- [DATASET EXTRACT]:
########################################

(* Let $n\ge 1$ be an integer and let $\mathcal{H}_r$, $\mathcal{H}_{r'}$ be separable Hilbert spaces with $\dim\mathcal{H}_r=\dim\mathcal{H}_{r'}$. Let $\mathcal{H}_c\cong\mathbb{C}^n$ and $\mathcal{H}_{c'}\cong\mathbb{C}^n$ have orthonormal "time" bases $(|\tau\rangle_c)_{\tau\in\mathbb{Z}_n}$ and $(|\tau\rangle_{c'})_{\tau\in\mathbb{Z}_n}$, and let $X_n$, $X_n'$ be the shift operators $X_n|\tau\rangle_c=|\tau+1 \bmod n\rangle_c$, $X_n'|\tau\rangle_{c'}=|\tau+1\bmod n\rangle_{c'}$. Let $U_r$ and $U_{r'}$ be unitary operators on $\mathcal{H}_r$ and $\mathcal{H}_{r'}$ with $U_r^n=I_r$ and $U_{r'}^n=I_{r'}$, and set $U=X_n\otimes U_r$ and $U'=X_n'\otimes U_{r'}$. Let $|\psi(0)\rangle_r\in\mathcal{H}_r$ and $|\psi'(0)\rangle_{r'}\in\mathcal{H}_{r'}$ be any unit vectors, and for $\tau\in\mathbb{Z}_n$ define $|\Psi(\tau)\rangle=|\tau\rangle_c\,U_r^\tau|\psi(0)\rangle_r$ and $|\Psi'(\tau)\rangle=|\tau\rangle_{c'}\,U_{r'}^\tau|\psi'(0)\rangle_{r'}$. Then there exists a unitary operator $S:\mathcal{H}_c\otimes\mathcal{H}_r\to\mathcal{H}_{c'}\otimes\mathcal{H}_{r'}$ such that $|\Psi'(\tau)\rangle=S|\Psi(\tau)\rangle$ for all $\tau\in\mathbb{Z}_n$, and $U'=SUS^{-1}$.
   Context: This is the finite discrete-time Page-Wootters setting: a clock with $n$ ticks whose one-step evolution is the cyclic shift, a "rest of the world" with one-step unitary evolution $U_r$ satisfying the cyclicity condition $U_r^n=I$, total one-step evolution $U=X_n\otimes U_r$, and temporal states $|\Psi(\tau)\rangle$ as defined in the claim. *)

theory Defs
  imports "HOL-Analysis.Analysis"
begin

########################################

- [YOUR TASK]: Retype the listing. Match it exactly.

- [OUTPUT BELOW]:
(* Let $n\ge 1$ be an integer and let $\mathcal{H}_r$, $\mathcal{H}_{r'}$ be separable Hilbert spaces with $\dim\mathcal{H}_r=\dim\mathcal{H}_{r'}$. Let $\mathcal{H}_c\cong\mathbb{C}^n$ and $\mathcal{H}_{c'}\cong\mathbb{C}^n$ have orthonormal "time" bases $(|\tau\rangle_c)_{\tau\in\mathbb{Z}_n}$ and $(|\tau\rangle_{c'})_{\tau\in\mathbb{Z}_n}$, and let $X_n$, $X_n'$ be the shift operators $X_n|\tau\rangle_c=|\tau+1 \bmod n\rangle_c$, $X_n'|\tau\rangle_{c'}=|\tau+1\bmod n\rangle_{c'}$. Let $U_r$ and $U_{r'}$ be unitary operators on $\mathcal{H}_r$ and $\mathcal{H}_{r'}$ with $U_r^n=I_r$ and $U_{r'}^n=I_{r'}$, and set $U=X_n\otimes U_r$ and $U'=X_n'\otimes U_{r'}$. Let $|\psi(0)\rangle_r\in\mathcal{H}_r$ and $|\psi'(0)\rangle_{r'}\in\mathcal{H}_{r'}$ be any unit vectors, and for $\tau\in\mathbb{Z}_n$ define $|\Psi(\tau)\rangle=|\tau\rangle_c\,U_r^\tau|\psi(0)\rangle_r$ and $|\Psi'(\tau)\rangle=|\tau\rangle_{c'}\,U_{r'}^\tau|\psi'(0)\rangle_{r'}$. Then there exists a unitary operator $S:\mathcal{H}_c\otimes\mathcal{H}_r\to\mathcal{H}_{c'}\otimes\mathcal{H}_{r'}$ such that $|\Psi'(\tau)\rangle=S|\Psi(\tau)\rangle$ for all $\tau\in\mathbb{Z}_n$, and $U'=SUS^{-1}$.
   Context: This is the finite discrete-time Page-Wootters setting: a clock with $n$ ticks whose one-step evolution is the cyclic shift, a "rest of the world" with one-step unitary evolution $U_r$ satisfying the cyclicity condition $U_r^n=I$, total one-step evolution $U=X_n\otimes U_r$, and temporal states $|\Psi(\tau)\rangle$ as defined in the claim. *)

theory Defs
  imports "HOL-Analysis.Analysis"
begin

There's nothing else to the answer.